The value of replay testing extends beyond regression detection. Organizations that maintain a comprehensive library of historical traces — including traces that document past failures and the correct behavior expected in those situations — have a qualitatively different ability to evaluate new agent versions than those that rely only on synthetic test sets. Historical traces capture the full diversity of the agent's actual operating environment, including edge cases that would never have been anticipated at test design time.

"The organizations that will have the most robust agentic deployments in three years are the ones that are collecting and annotating traces most diligently today. The trace library is the institutional memory of the agent program."

Scorecards and Dashboards

Individual traces and evaluation runs generate data; scorecards aggregate that data into actionable signals for the governance structure. A well-designed scorecard for an agentic program tracks three categories of metrics. Quality metrics — success rate, task completion rate, output quality scores from automated and human evaluations — measure whether the agent is doing its job well. Safety metrics — escalation rate, policy violation rate, anomaly detection trigger rate — measure whether the agent is staying within its governance boundaries. Efficiency metrics — token consumption per task, latency per task, cost per task — measure whether the agent is operating within the economic parameters of its business case.

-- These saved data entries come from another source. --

lemma sextic_vanishes_at_0_0_1:
  assumes hom: "homogeneous3 6 ts"
    and low: "\<And>a b k. k < 3 \<Longrightarrow> coeff (poly_in_c ts a b) k = 0"
    and axes: "\<And>a b k. a = 0 \<or> b = 0 \<Longrightarrow> k < 6 \<Longrightarrow> coeff (poly_in_c ts a b) k = 0"
    and corners: "\<And>a b. a \<in> {-1, 1} \<Longrightarrow> b \<in> {-1, 1} \<Longrightarrow> eval3 ts (a, b, 1) = 0"
  shows "eval3 ts (0, 0, 1) = 0"
proof -
  define \<kappa> where "\<kappa> = coeff (poly_in_c ts 0 0) 6"
  have on_axes: "eval3 ts (a, b, 1) = \<kappa>" if "a = 0 \<or> b = 0" for a b
  proof -
    have "eval3 ts (a, b, 1) = (\<Sum>k\<in>insert 6 {..<6}. coeff (poly_in_c ts a b) k)"
      using eval3_c_1_eq_sum_coeffs[OF hom] by (simp add: atMost_Suc lessThan_Suc numeral_eq_Suc)
    also have "\<dots> = coeff (poly_in_c ts a b) 6"
      using axes[OF that] by simp
    finally show ?thesis using coeff_poly_in_c_top_const[OF hom] by (simp add: \<kappa>_def)
  qed
  have "mixed_diff (\<lambda>a b. eval3 ts (a, b, 1)) = (\<Sum>k\<le>6. mixed_diff (\<lambda>a b. coeff (poly_in_c ts a b) k))"
    by (simp add: eval3_c_1_eq_sum_coeffs[OF hom] mixed_diff_sum)
  also have "\<dots> = 0"
  proof (rule sum.neutral, intro ballI)
    fix k :: nat
    show "mixed_diff (\<lambda>a b. coeff (poly_in_c ts a b) k) = 0"
    proof (cases "k < 3")
      case True
      then show ?thesis using low by (simp add: mixed_diff_def)
    next
      case False
      then show ?thesis by (intro mixed_diff_coeff_poly_in_c[OF hom]) simp
    qed
  qed
  finally have "mixed_diff (\<lambda>a b. eval3 ts (a, b, 1)) = 0" .
  moreover have "mixed_diff (\<lambda>a b. eval3 ts (a, b, 1)) = - 4 * \<kappa>"
    by (simp add: mixed_diff_def on_axes corners)
  ultimately show ?thesis using on_axes[of 0 0] by simp
qed

lemma c_pow6_motzkin_not_sum_squares:
  fixes tss :: "(real \<times> exps3) list list" and K :: real
  assumes "0 < K" and hom: "\<forall>ts\<in>set tss. homogeneous3 6 ts"
  shows "\<not> (\<forall>a b c. (\<Sum>ts\<leftarrow>tss. eval3 ts (a, b, c) ^ 2) = K * c^6 * motzkin a b c)"
proof
  assume sos: "\<forall>a b c. (\<Sum>ts\<leftarrow>tss. eval3 ts (a, b, c) ^ 2) = K * c^6 * motzkin a b c"
  have sos_c: "(\<Sum>p\<leftarrow>map (\<lambda>ts. poly_in_c ts a b) tss. poly p c ^ 2) = K * c^6 * motzkin a b c"
    for a b c
    using sos by (simp add: o_def poly_poly_in_c)
  have low: "\<forall>ts\<in>set tss. \<forall>k<3. coeff (poly_in_c ts a b) k = 0" for a b
  proof -
    let ?q = "smult K ([:a^4 * b^2 + a^2 * b^4, 0, -3 * a^2 * b^2:] + monom 1 6)"
    have "(\<Sum>p\<leftarrow>map (\<lambda>ts. poly_in_c ts a b) tss. poly p c ^ 2) = c^(2*3) * poly ?q c" for c
      unfolding sos_c by (simp add: motzkin_def poly_monom) algebra
    from coeffs_of_sum_squares_poly_eq_power_mult(1)[OF this] show ?thesis by simp
  qed
  have axes: "\<forall>ts\<in>set tss. \<forall>k<6. coeff (poly_in_c ts a b) k = 0" if "a = 0 \<or> b = 0" for a b
  proof -
    have "(\<Sum>p\<leftarrow>map (\<lambda>ts. poly_in_c ts a b) tss. poly p c ^ 2) = c^(2*6) * poly [:K:] c" for c
      unfolding sos_c using that by (auto simp: motzkin_def)
    from coeffs_of_sum_squares_poly_eq_power_mult(1)[OF this] show ?thesis by simp
  qed
  have corners: "eval3 ts (a, b, 1) = 0" if "ts \<in> set tss" "a \<in> {-1, 1}" "b \<in> {-1, 1}" for ts a b
  proof -
    have "(\<Sum>ts\<leftarrow>tss. eval3 ts (a, b, 1) ^ 2) = 0"
      using sos that(2,3) by (auto simp: motzkin_def)
    then show ?thesis using that(1) by (simp add: sum_list_squares_eq_0_iff)
  qed
  have "eval3 ts (0, 0, 1) = 0" if "ts \<in> set tss" for ts
    using hom low axes corners that by (intro sextic_vanishes_at_0_0_1) auto
  then have "(\<Sum>ts\<leftarrow>tss. eval3 ts (0, 0, 1) ^ 2) = 0"
    by (simp add: sum_list_squares_eq_0_iff)
  moreover have "(\<Sum>ts\<leftarrow>tss. eval3 ts (0, 0, 1) ^ 2) = K"
    using sos by (simp add: motzkin_def)
  ultimately show False using \<open>0 < K\<close> by simp
qed

section \<open>Restriction to the level set of J\<close>

text \<open>\<open>sphere_point \<mu> (a, b, c)\<close> is the representative on \<open>J = \<mu>\<close> of the point
  \<open>(a + i b : c : 1 : 0 : \<dots>)\<close> of the affine chart \<open>z\<^sub>2 \<noteq> 0\<close> of projective space.\<close>

definition chart :: "real \<times> real \<times> real \<Rightarrow> nat \<Rightarrow> complex" where
  "chart u j = (if j = 0 then Complex (fst u) (fst (snd u)) else if j = 1 then of_real (snd (snd u))
     else if j = 2 then 1 else 0)"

The governance charter should specify minimum acceptable thresholds for each category. An agent whose quality metrics fall below threshold should trigger a performance review; an agent whose safety metrics exceed threshold (too many escalations, too many policy violations) should trigger a governance review. The scorecard is the mechanism by which the governance charter's risk appetite is operationalized into a monitoring regime that can run continuously without requiring constant human attention.